Expanse Storage provides a 12 PB Lustre parallel filesystem for fast scratch and project I/O and a 7 PB Ceph object store for object-storage workflows. Both are accessible from every Expanse node.
Jobs
In addition to the local scratch storage, users will have access to global parallel filesystems on Expanse. Every Expanse node has access to a 12 PB Lustre parallel file system (provided by Aeon Computing) and a 7 PB Ceph Object Store system, 140 GB/second performance storage. SDSC limits the number of files that can be stored in the /lustre/scratch filesystem to 2 million files per user. Users should contact support for assistance at the ACCESS Help Desk if their workflow requires extensive small I/O, to avoid causing system issues assosiated with load on the metadata server.

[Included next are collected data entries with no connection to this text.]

(* The abstract shape of the pairs (z_a, z_(a+1)) and (z_(a+1)bar, z_abar) in L: s(u) is the
   screening symbol at the argument where Y_a occurs in f(u) and in g(u). *)
lemma dop_lin_mult_lin_constants:
  assumes mem: "\<And>u. f u \<in> R" "\<And>u. g u \<in> R"
    and Df: "\<And>u. D (f u) = \<phi> (f u) * s u"
    and Dg: "\<And>u. D (g u) = - (\<phi> (g u) * s u)"
    and s_step: "\<And>u. s (u + 1) = \<phi> (h u) * s u"
    and fgh: "\<And>u. f u = g (u + 1) * h u"
  shows "dop_coeffs_in constants (dop_mult (dop_lin f) (dop_lin g))"
proof -
  have "f u * g u \<in> constants" for u
    using mem by (simp add: constants_def mult_mem D_mult Df Dg algebra_simps)
  moreover have "- f u - g (u + 1) \<in> constants" for u
  proof -
    have "\<phi> (f u) * s u = \<phi> (g (u + 1)) * s (u + 1)"
      by (simp add: s_step fgh phi_mult mult.assoc)
    then show ?thesis
      using mem by (simp add: constants_def diff_mem uminus_mem D_diff D_uminus Df Dg)
  qed
  ultimately show ?thesis
    by (auto simp: dop_coeffs_in_def dop_lin_mult_lin constants_def zero_mem one_mem D_zero D_one)
qed

lemma dop_lin_mult_D2_minus_mult_lin_constants:
  assumes mem: "\<And>u. p u \<in> R" "\<And>u. m u \<in> R" "\<And>u. q u \<in> R"
    and Dp: "\<And>u. D (p u) = \<phi> (p u) * s (u + 1)"
    and Dm: "\<And>u. D (m u) = \<phi> (m u) * (s u - s (u + 1))"
    and Dq: "\<And>u. D (q u) = - (\<phi> (q u) * s u)"
    and s_step: "\<And>u. s (u + 2) = \<phi> (h u) * s u"
    and rel: "\<And>u. p u * m u = m (u + 1) * q (u + 1) * h u"
      "\<And>u. p u = q (u + 3) * h (u + 1)"
      "\<And>u. p u * q (u + 2) = m (u + 1)"
  shows "dop_coeffs_in constants (dop_mult (dop_lin p) (dop_mult (dop_D2_minus m) (dop_lin q)))"
proof -
  have Dpm: "D (p u * m u) = \<phi> (p u * m u) * s u" for u
    using mem by (simp add: D_mult Dp Dm phi_mult algebra_simps)
  have "- (p u * m u * q u) \<in> constants" for u
  proof -
    have "D (p u * m u * q u) = \<phi> (p u * m u) * D (q u) + \<phi> (q u) * D (p u * m u)"
      using mem by (simp add: D_mult mult_mem)
    also have "\<dots> = 0" by (simp add: Dq Dpm)
    finally show ?thesis using mem by (simp add: constants_def uminus_mem mult_mem D_uminus)
  qed
  moreover have "p u * m u + m (u + 1) * q (u + 1) \<in> constants" for u
  proof -
    have "D (m (u + 1) * q (u + 1)) = - (\<phi> (m (u + 1)) * \<phi> (q (u + 1)) * s (u + 1 + 1))"
      using mem by (simp add: D_mult Dm Dq algebra_simps)
    also have "\<dots> = - (\<phi> (p u * m u) * s u)"
      using s_step[of u] by (simp add: rel(1) phi_mult add.assoc mult.assoc)
    finally have "D (m (u + 1) * q (u + 1)) = - (\<phi> (p u * m u) * s u)" .
    then show ?thesis
      using mem by (simp add: constants_def add_mem mult_mem D_add Dpm)
  qed
  moreover have "- p u - q (u + 3) \<in> constants" for u
  proof -
    have "s (u + 3) = \<phi> (h (u + 1)) * s (u + 1)"
      using s_step[of "u + 1"] by (simp add: add.assoc)
    then have "\<phi> (p u) * s (u + 1) = \<phi> (q (u + 3)) * s (u + 3)"
      by (simp add: rel(2) phi_mult mult.assoc)
    then show ?thesis
      using mem by (simp add: constants_def diff_mem uminus_mem D_diff D_uminus Dp Dq)
  qed
  ultimately show ?thesis
    by (auto simp: dop_coeffs_in_def dop_lin_mult_D2_minus_mult_lin rel(3) constants_def
        zero_mem one_mem D_zero D_one)
qed

end

section \<open>The factorisation of L\<close>

definition Lfactor :: "nat \<Rightarrow> nat \<Rightarrow> qring dop" where
  "Lfactor n i = dop_lin (\<lambda>u. xv n i (u + of_nat n + 1 - of_nat i))"

lemma Lc_eq_foldr_Lfactor: "Lc n = foldr dop_mult (map (Lfactor n) [1..<2 * n + 3]) dop_one"
  unfolding Lc_def Lfactor_def by simp

lemma Lfactor_low:
  "1 \<le> i \<Longrightarrow> i \<le> n \<Longrightarrow> Lfactor n i = dop_lin (\<lambda>u. zv n i (u + of_nat n + 1 - of_nat i))"
  by (simp add: Lfactor_def xv_def)

lemma Lfactor_high:
  "n + 3 \<le> i \<Longrightarrow> i \<le> 2 * n + 2 \<Longrightarrow>
   Lfactor n i = dop_lin (\<lambda>u. zbar n (2 * n + 3 - i) (u + of_nat n + 1 - of_nat i))"
  by (simp add: Lfactor_def xv_def)

lemma Lfactor_mid_pair:
  assumes "1 \<le> n"
  shows "dop_mult (Lfactor n (n + 1)) (Lfactor n (n + 2)) = dop_D2_minus (mid_ratio n)"
proof (intro ext)
  fix j u
  have "xv n (n + 2) y = - xv n (n + 1) y" for y
    by (simp add: xv_def)
  moreover have "xv n (n + 1) u * xv n (n + 2) (u - 1) = - mid_ratio n u"
    using assms by (rule xv_mid_product)
  ultimately show "dop_mult (Lfactor n (n + 1)) (Lfactor n (n + 2)) j u = dop_D2_minus (mid_ratio n) j u"
    by (simp add: Lfactor_def dop_lin_mult_lin dop_D2_minus_def algebra_simps)
qed
lemma theta_decomposition:
  assumes "0 < \<delta>" "\<delta> < 1" "norm v < n"
  shows "theta n v =
           1 + lower_tail n v \<delta> + of_real n / 2 * odd_part_integral \<delta> (peak_integrand n v) - upper_tail n v \<delta>"
proof -
  have n: "n > 0" "n + Re v > 0"
    using assms(3) abs_Re_le_cmod[of v] norm_ge_zero[of v] by linarith+
  define X where "X = exp ((of_real n + v) * of_real (ln n))"
  define G0 where "G0 = integral {0..1-\<delta>} (theta_integrand n v)"
  define G1 where "G1 = integral {1-\<delta>..1} (theta_integrand n v)"
  define G2 where "G2 = integral {1..1+\<delta>} (theta_integrand n v)"
  have X_powr: "X = of_real n powr (of_real n + v)"
    using n(1) by (simp add: X_def powr_def Ln_of_real)
  have integrable: "theta_integrand n v integrable_on {0..b}" for b
    by (rule integrable_continuous_interval[OF continuous_on_theta_integrand[OF n(2)]])
  have "integral {0..1} (theta_integrand n v) = G0 + G1"
    unfolding G0_def G1_def using assms(1,2)
    by (intro Henstock_Kurzweil_Integration.integral_combine[symmetric] integrable) auto
  moreover have "integral {0..1+\<delta>} (theta_integrand n v) = integral {0..1} (theta_integrand n v) + G2"
    unfolding G2_def using assms(1)
    by (intro Henstock_Kurzweil_Integration.integral_combine[symmetric] integrable) auto
  ultimately have whole: "integral {0..1+\<delta>} (theta_integrand n v) = G0 + G1 + G2"
    by simp
  have "Gamma (of_real n + v + 1) = of_real n * X * of_real (exp (-n)) * (G0 + G1 + G2) +
      integral {n * (1 + \<delta>)..} (gamma_integrand n v)"
    using Gamma_eq_integral_split[OF n(2), of "n * (1 + \<delta>)"] assms n
      integral_gamma_integrand_rescale[OF n(2,1), of "1 + \<delta>"] whole X_powr
    by simp
  then have Gamma: "of_real (exp n) / (2 * X) * Gamma (of_real n + v + 1) =
      of_real n / 2 * (G0 + G1 + G2) + upper_tail n v \<delta>"
    by (simp add: upper_tail_def X_def field_simps exp_minus flip: of_real_mult)
  have theta: "theta n v = 1 + of_real n * integral {0..1} (theta_integrand n v) -
      of_real (exp n) / (2 * X) * Gamma (of_real n + v + 1)"
    by (simp add: theta_def X_def theta_integrand_def [abs_def])
  have peak: "odd_part_integral \<delta> (peak_integrand n v) = G1 - G2"
    unfolding odd_part_integral_def G1_def G2_def using assms n
    by (intro integral_unique has_integral_diff has_integral_peak_integrand) auto
  show ?thesis
    unfolding theta lower_tail_def Gamma G0_def[symmetric] peak \<open>integral {0..1} _ = G0 + G1\<close> by (simp add: field_simps)
qed

section \<open>Asymptotic estimates\<close>

lemma bigo_of_real_if_norm_le:
  fixes f :: "'a \<Rightarrow> 'b::real_normed_field"
  assumes "\<forall>\<^sub>F x in F. norm (f x) \<le> C * g x" and "g \<in> O[F](h)"
  shows "f \<in> O[F](\<lambda>x. of_real (h x))"
proof -
  have "(\<lambda>x. norm (f x)) \<in> O[F](g)"
    using assms(1) by (intro bigoI[of _ "\<bar>C\<bar>"])
      (auto elim!: eventually_mono intro: order_trans[OF _ abs_ge_self] simp flip: abs_mult)
  then have "(\<lambda>x. norm (f x)) \<in> O[F](h)"
    using assms(2) by (rule landau_o.big_trans)
  then have "(\<lambda>x. norm (f x)) \<in> O[F](\<lambda>x. norm (of_real (h x) :: 'b))"
    by simp
  then show ?thesis
    by (rule landau_o.big.norm_iff[THEN iffD1])
qed

lemma bigo_inverse_power_if_norm_le:
  fixes f :: "real \<Rightarrow> complex"
  assumes "\<forall>\<^sub>F n in at_top. norm (f n) \<le> C * g n" and "g \<in> O(\<lambda>n. 1 / n ^ R)"
  shows "f \<in> O[at_top](\<lambda>n. 1 / of_real n ^ R)"
  using bigo_of_real_if_norm_le[OF assms] by simp

lemma ln_one_minus_less:
  assumes "0 < d" "d < (1::real)"
  shows "ln (1 - d) < - d"
proof -
  have "1 - d < (1 - d/2)^2"
    using assms by (simp add: power2_eq_square algebra_simps)
  then have "ln (1 - d) < ln ((1 - d/2)^2)"
    using assms by (intro ln_less_cancel_iff[THEN iffD2]) auto
  also have "\<dots> = 2 * ln (1 - d/2)"
    using assms by (simp add: ln_realpow)
  also have "\<dots> \<le> - d"
    using ln_one_minus_pos_upper_bound[of "d/2"] assms by simp
  finally show ?thesis .
qed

The two Lustre filesystems available on Expanse are:
- Lustre Expanse scratch filesystem:
/expanse/lustre/scratch/$USER/temp_project - Lustre NSF projects filesystem:
/expanse/lustre/projects/
SUBMITTING JOBS USING LUSTRE
Jobs that need to use the Lustre filesystem should explicitly reqeust the feature by including the following line to their script:
#SBATCH --constraint="lustre"
This constraint can be used in combination with any other constraints you are already using. For example:
#SBATCH --constraint="lustre&persistenceoff&exclusive"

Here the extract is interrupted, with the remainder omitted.